In this role, you will lead the design, development, and implementation of advanced analytics, statistical modeling, and artificial intelligence solutions to drive data-informed decision-making across the enterprise. Oversee teams of data scientists, modelers, and ML engineers to deliver innovative and scalable solutions that support strategic business objectives, operational excellence, and client value creation. Serve as a key thought leader, guiding the organization's data science strategy, ensuring model governance and compliance, and advancing the use of cutting-edge machine learning methodologies.

Role Responsibilities: Strategic Leadership and Vision Provide strategic direction for the organization's machine learning and modeling initiatives. Develop and execute a roadmap for data-driven innovation aligned with corporate goals and emerging technologies in AI, predictive analytics, and optimization. Model Development and Deployment Oversee the design, development, and validation of statistical, econometric, and machine learning models that support forecasting, risk assessment, operational efficiency, and client performance improvement.

Ensure model accuracy, interpretability, and ethical use of data. Model Governance and Compliance Establish and maintain robust model governance frameworks, including documentation, version control, validation, and ongoing performance monitoring. Partner with risk management and compliance teams to ensure adherence to regulatory and ethical standards.

Team Development and Leadership Lead and mentor a multidisciplinary team of data scientists, ML engineers, and quantitative analysts. Foster a culture of innovation, continuous learning, and collaboration while ensuring alignment with business priorities and project timelines. Cross-Functional Collaboration Collaborate with business leaders, IT, and analytics stakeholders to identify opportunities for data science applications that drive measurable business outcomes.

Translate complex analytical results into actionable insights for executive decision-making. Research and Innovation Stay at the forefront of emerging AI and machine learning technologies. Evaluate and integrate new tools, frameworks, and methodologies to enhance model performance and scalability.

Promote experimentation and best practices in applied data science. Requirements: Bachelors or Masters or Doctorate degree in Data Science, Statistics, Computer Science, Applied Mathematics, Engineering, Economics, or a related quantitative field preferred Expertise in machine learning, deep learning, and statistical modeling techniques (e.g., regression, time series, NLP, ensemble methods, neural networks). Strong proficiency in Python, SQL, and with cloud-based AI/ML platforms (AWS SageMaker, Azure ML, Databricks, etc.) Knowledge of ML Ops, model governance, and lifecycle management best practices

Demonstrated ability to translate business problems into analytical frameworks and deliver measurable outcomes. Excellent leadership, communication, and stakeholder management skills, with the ability to present complex findings to non-technical audiences. Proven experience building and leading high-performing data science teams in a large, matrixed organization.

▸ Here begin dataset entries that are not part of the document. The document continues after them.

lemma summable_norm_transition_series:
  assumes "u \<in> V"
  shows "summable (\<lambda>n. norm ((\<i> * of_real t) ^ n /\<^sub>R fact n * adj_pow V adj n u v))"
proof -
  define M where "M = (\<Sum>p\<in>V \<times> V. cmod (case_prod adj p))"
  have "cmod (adj a b) \<le> M" if "a \<in> V" "b \<in> V" for a b
    using member_le_sum[of "(a, b)" "V \<times> V" "\<lambda>p. cmod (case_prod adj p)"] that finite_V
    unfolding M_def by auto
  moreover have "0 \<le> M"
    unfolding M_def by (simp add: sum_nonneg)
  ultimately have bound: "cmod (adj_pow V adj n u v) \<le> (real (card V) * M) ^ n" for n
    by (intro adj_pow_norm_le assms) auto
  let ?x = "of_real (\<bar>t\<bar> * (real (card V) * M)) :: complex"
  show ?thesis
  proof (rule summable_comparison_test[OF exI summable_norm_exp[of ?x]], intro allI impI)
    fix n :: nat
    have "norm (norm ((\<i> * of_real t) ^ n /\<^sub>R fact n * adj_pow V adj n u v))
        = \<bar>t\<bar> ^ n / fact n * cmod (adj_pow V adj n u v)"
      by (simp add: norm_mult norm_power field_simps)
    also have "\<dots> \<le> \<bar>t\<bar> ^ n / fact n * (real (card V) * M) ^ n"
      by (intro mult_left_mono bound) simp
    also have "\<dots> = norm (?x ^ n /\<^sub>R fact n)"
      using \<open>0 \<le> M\<close> by (simp add: norm_mult norm_power power_mult_distrib field_simps)
    finally show "norm (norm ((\<i> * of_real t) ^ n /\<^sub>R fact n * adj_pow V adj n u v))
        \<le> norm (?x ^ n /\<^sub>R fact n)" .
  qed
qed

lemma transition_sums:
  assumes "u \<in> V"
  shows "(\<lambda>n. (\<i> * of_real t) ^ n /\<^sub>R fact n * adj_pow V adj n u v) sums transition V adj t u v"
  unfolding transition_altdef
  by (rule summable_sums[OF summable_norm_cancel[OF summable_norm_transition_series[OF assms]]])

lemma transition_mult_transition_neg:
  assumes "u \<in> V" "v \<in> V"
  shows "(\<Sum>w\<in>V. transition V adj t u w * transition V adj (-t) w v) = (if u = v then 1 else 0)"
proof -
  define e where "e s n = (\<i> * of_real s) ^ n /\<^sub>R fact n" for s n
  define c where "c w n = (\<Sum>j\<le>n. e t j * adj_pow V adj j u w * (e (-t) (n - j) * adj_pow V adj (n - j) w v))" for w n
  have c_sums: "c w sums (transition V adj t u w * transition V adj (-t) w v)" if "w \<in> V" for w
    unfolding c_def transition_altdef e_def
    by (intro Cauchy_product_sums summable_norm_transition_series assms that)
  have e_add: "e (t + -t) n = (\<Sum>j\<le>n. e t j * e (-t) (n - j))" for n
    unfolding e_def of_real_add distrib_left by (rule exp_series_add_commuting) (simp add: mult.commute)
  have e_zero: "e 0 n = (if n = 0 then 1 else 0)" for n
    by (simp add: e_def)
  have e_cancel: "(\<Sum>j\<le>n. e t j * e (-t) (n - j)) = (if n = 0 then 1 else 0)" for n
    using e_add[of n] e_zero[of n] by simp
  have "(\<Sum>w\<in>V. c w n) = (\<Sum>j\<le>n. e t j * e (-t) (n - j) * (\<Sum>w\<in>V. adj_pow V adj j u w * adj_pow V adj (n - j) w v))" for n
    unfolding c_def sum_distrib_left by (subst sum.swap) (simp add: mult_ac)
  also have "\<dots> n = (\<Sum>j\<le>n. e t j * e (-t) (n - j)) * adj_pow V adj n u v" for n
    by (simp add: sum_distrib_right adj_pow_add[OF finite_V assms(1), symmetric])
  finally have "(\<Sum>w\<in>V. c w n) = (if n = 0 then (if u = v then 1 else 0) else 0)" for n
    by (simp add: e_cancel)
  then have "(\<lambda>n. \<Sum>w\<in>V. c w n) sums (if u = v then 1 else 0)"
    using sums_single[of 0 "\<lambda>_. if u = v then 1 else 0 :: complex"] by simp
  moreover have "(\<lambda>n. \<Sum>w\<in>V. c w n) sums (\<Sum>w\<in>V. transition V adj t u w * transition V adj (-t) w v)"
    using c_sums by (rule sums_sum)
  ultimately show ?thesis
    by (rule sums_unique2[symmetric])
qed

lemma transition_eigenfunction:
  assumes "eigenfunction V adj \<theta> g" "u \<in> V"
  shows "(\<Sum>w\<in>V. transition V adj t u w * g w) = exp (\<i> * of_real (t * \<theta>)) * g u"
proof -
  have "(\<lambda>n. \<Sum>w\<in>V. (\<i> * of_real t) ^ n /\<^sub>R fact n * adj_pow V adj n u w * g w)
      sums (\<Sum>w\<in>V. transition V adj t u w * g w)"
    by (intro sums_sum sums_mult2 transition_sums assms(2))
  moreover have "(\<Sum>w\<in>V. (\<i> * of_real t) ^ n /\<^sub>R fact n * adj_pow V adj n u w * g w)
      = (\<i> * of_real (t * \<theta>)) ^ n /\<^sub>R fact n * g u" for n
  proof -
    have "(\<Sum>w\<in>V. (\<i> * of_real t) ^ n /\<^sub>R fact n * adj_pow V adj n u w * g w)
        = (\<i> * of_real t) ^ n /\<^sub>R fact n * (of_real \<theta> ^ n * g u)"
      unfolding mult.assoc sum_distrib_left[symmetric] adj_pow_eigenfunction[OF finite_V assms] ..
    then show ?thesis
      by (simp add: power_mult_distrib mult_ac)
  qed
  moreover have "(\<lambda>n. (\<i> * of_real (t * \<theta>)) ^ n /\<^sub>R fact n * g u) sums (exp (\<i> * of_real (t * \<theta>)) * g u)"
    by (intro sums_mult2 exp_converges)
  ultimately show ?thesis
    by (simp add: sums_unique2)
qed

end

locale real_symmetric_graph = finite_weighted_graph +
  assumes adj_real: "u \<in> V \<Longrightarrow> v \<in> V \<Longrightarrow> cnj (adj u v) = adj u v"
    and adj_sym: "u \<in> V \<Longrightarrow> v \<in> V \<Longrightarrow> adj u v = adj v u"
begin

lemma adj_pow_real:
  assumes "u \<in> V"
  shows "cnj (adj_pow V adj n u v) = adj_pow V adj n u v"
  using assms
proof (induction n arbitrary: u)
  case 0
  then show ?case by simp
next
  case (Suc n)
  then show ?case
    by (auto simp: adj_real intro!: sum.cong)
qed

lemma adj_pow_sym:
  assumes "u \<in> V" "v \<in> V"
  shows "adj_pow V adj n u v = adj_pow V adj n v u"
  using assms
proof (induction n arbitrary: u v)
  case 0
  then show ?case by simp
next
  case (Suc n)
  have "adj_pow V adj (Suc n) u v = (\<Sum>w\<in>V. adj_pow V adj n v w * adj w u)"
    by (auto simp: Suc adj_sym[of u] mult.commute intro!: sum.cong)
  also have "\<dots> = adj_pow V adj (Suc n) v u"
    using adj_pow_Suc_right[OF finite_V Suc.prems(2,1)] by simp
  finally show ?case .
qed

lemma transition_sym:
  assumes "u \<in> V" "v \<in> V"
  shows "transition V adj t u v = transition V adj t v u"
  unfolding transition_def using adj_pow_sym[OF assms] by simp

lemma transition_cnj:
  assumes "u \<in> V"
  shows "cnj (transition V adj t u v) = transition V adj (-t) u v"
proof -
  have series_cnj: "(\<lambda>n. cnj ((\<i> * of_real t) ^ n /\<^sub>R fact n * adj_pow V adj n u v))
      = (\<lambda>n. (\<i> * of_real (-t)) ^ n /\<^sub>R fact n * adj_pow V adj n u v)"
    by (simp add: adj_pow_real[OF assms])
  have "(\<lambda>n. (\<i> * of_real (-t)) ^ n /\<^sub>R fact n * adj_pow V adj n u v) sums cnj (transition V adj t u v)"
    using sums_cnj[THEN iffD2, OF transition_sums[OF assms, of t v]] unfolding series_cnj .
  then show ?thesis
    using transition_sums[OF assms] by (rule sums_unique2)
qed

lemma transition_row_norm:
  assumes "u \<in> V"
  shows "(\<Sum>w\<in>V. (cmod (transition V adj t u w))\<^sup>2) = 1"
proof -
  have "of_real ((cmod (transition V adj t u w))\<^sup>2) = transition V adj t u w * transition V adj (-t) w u"
    if "w \<in> V" for w
  proof -
    have "transition V adj (-t) w u = cnj (transition V adj t u w)"
      using transition_cnj[OF that, of t u] transition_sym[OF assms that] by simp
    then show ?thesis
      by (simp only: complex_norm_square)
  qed
  then have "of_real (\<Sum>w\<in>V. (cmod (transition V adj t u w))\<^sup>2)
      = (\<Sum>w\<in>V. transition V adj t u w * transition V adj (-t) w u)"
    unfolding of_real_sum by (rule sum.cong[OF refl])
  also have "\<dots> = 1"
    using transition_mult_transition_neg[OF assms assms] by simp
  finally show ?thesis
    by (simp only: of_real_eq_1_iff)
qed

lemma transition_eq_0_if_PST:
  assumes "u \<in> V" "v \<in> V" "cmod (transition V adj t u v) = 1" "w \<in> V" "w \<noteq> v"
  shows "transition V adj t u w = 0"
proof -
  have "(\<Sum>x\<in>V - {v}. (cmod (transition V adj t u x))\<^sup>2) = 0"
    using transition_row_norm[OF assms(1), of t] assms(2,3) finite_V by (simp add: sum.remove)
  then show ?thesis
    using finite_V assms(4,5) by (simp add: sum_nonneg_eq_0_iff)
qed

lemma PST_eigenfunction:
  assumes "u \<in> V" "v \<in> V" "cmod (transition V adj t u v) = 1" "eigenfunction V adj \<theta> g"
  shows "transition V adj t u v * g v = exp (\<i> * of_real (t * \<theta>)) * g u"
proof -
  have "(\<Sum>w\<in>V. transition V adj t u w * g w) = transition V adj t u v * g v"
    using transition_eq_0_if_PST[OF assms(1-3)] assms(2) finite_V by (simp add: sum.remove)
  then show ?thesis
    using transition_eigenfunction[OF assms(4,1)] by simp
qed

end


section \<open>The spectrum of J(2k,k,i)\<close>

interpretation Johnson: real_symmetric_graph "J_vertices k" "J_adj i" for k i
proof
  show "finite (J_vertices k)"
    unfolding J_vertices_def by (rule finite_subset[of _ "Pow {1..2*k}"]) auto
qed (auto simp: J_adj_def Int_commute)

definition supersets_count :: "nat \<Rightarrow> nat \<Rightarrow> nat \<Rightarrow> nat" where
  "supersets_count n r t = (if t \<le> r then (n - t) choose (r - t) else 0)"

lemma card_supersets:
  assumes "finite P" "T \<subseteq> P"
  shows "card {C. C \<subseteq> P \<and> card C = r \<and> T \<subseteq> C} = supersets_count (card P) r (card T)"
proof (cases "card T \<le> r")
  case False
  have "card T \<le> card C" if "C \<subseteq> P" "T \<subseteq> C" for C
    using that assms(1) by (meson card_mono finite_subset)
  then have "{C. C \<subseteq> P \<and> card C = r \<and> T \<subseteq> C} = {}"
    using False by fastforce
  then have "card {C. C \<subseteq> P \<and> card C = r \<and> T \<subseteq> C} = 0"
    by (simp only: card.empty)
  then show ?thesis
    using False by (simp add: supersets_count_def)
next
  case True
  have fin: "finite C" if "C \<subseteq> P" for C
    using that assms(1) by (rule finite_subset)
  have "bij_betw (\<lambda>C. C - T) {C. C \<subseteq> P \<and> card C = r \<and> T \<subseteq> C} {D. D \<subseteq> P - T \<and> card D = r - card T}"
  proof (rule bij_betw_byWitness[where f' = "\<lambda>D. D \<union> T"])
    show "(\<lambda>C. C - T) ` {C. C \<subseteq> P \<and> card C = r \<and> T \<subseteq> C} \<subseteq> {D. D \<subseteq> P - T \<and> card D = r - card T}"
      using assms fin by (auto simp: card_Diff_subset)
    show "(\<lambda>D. D \<union> T) ` {D. D \<subseteq> P - T \<and> card D = r - card T} \<subseteq> {C. C \<subseteq> P \<and> card C = r \<and> T \<subseteq> C}"
    proof clarify
      fix D assume "D \<subseteq> P - T" "card D = r - card T"
      moreover have "card (D \<union> T) = card D + card T"
        using calculation assms(2) fin by (intro card_Un_disjoint) auto
      ultimately show "D \<union> T \<subseteq> P \<and> card (D \<union> T) = r \<and> T \<subseteq> D \<union> T"
        using assms(2) True by auto
    qed
  qed auto
  then have "card {C. C \<subseteq> P \<and> card C = r \<and> T \<subseteq> C} = card (P - T) choose (r - card T)"
    using assms by (simp add: bij_betw_same_card n_subsets)
  then show ?thesis
    using True assms fin by (simp add: supersets_count_def card_Diff_subset)
qed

Familiarity with healthcare, financial, or operational analytics. Estimated Hiring Range: At Vizient, we consider skills, experience, and organizational needs in our compensation approach. Geographic factors may adjust the range estimate and hires typically fall below the top range.

Compensation decisions are tailored to individual circumstances. The current salary range for this role is $156,500.00 to $290,100.00. This position is also incentive eligible

Vizient has a comprehensive benefits plan. Please view our benefits here: http://www.vizientinc.com/about-us/careers Equal Opportunity Employer: Females/Minorities/Veterans/Individuals with Disabilities The Company is committed to equal employment opportunity to all employees and applicants without regard to race, religion, color, gender identity, ethnicity, age, national origin, sexual orientation, disability status, veteran status or any other category protected by applicable law.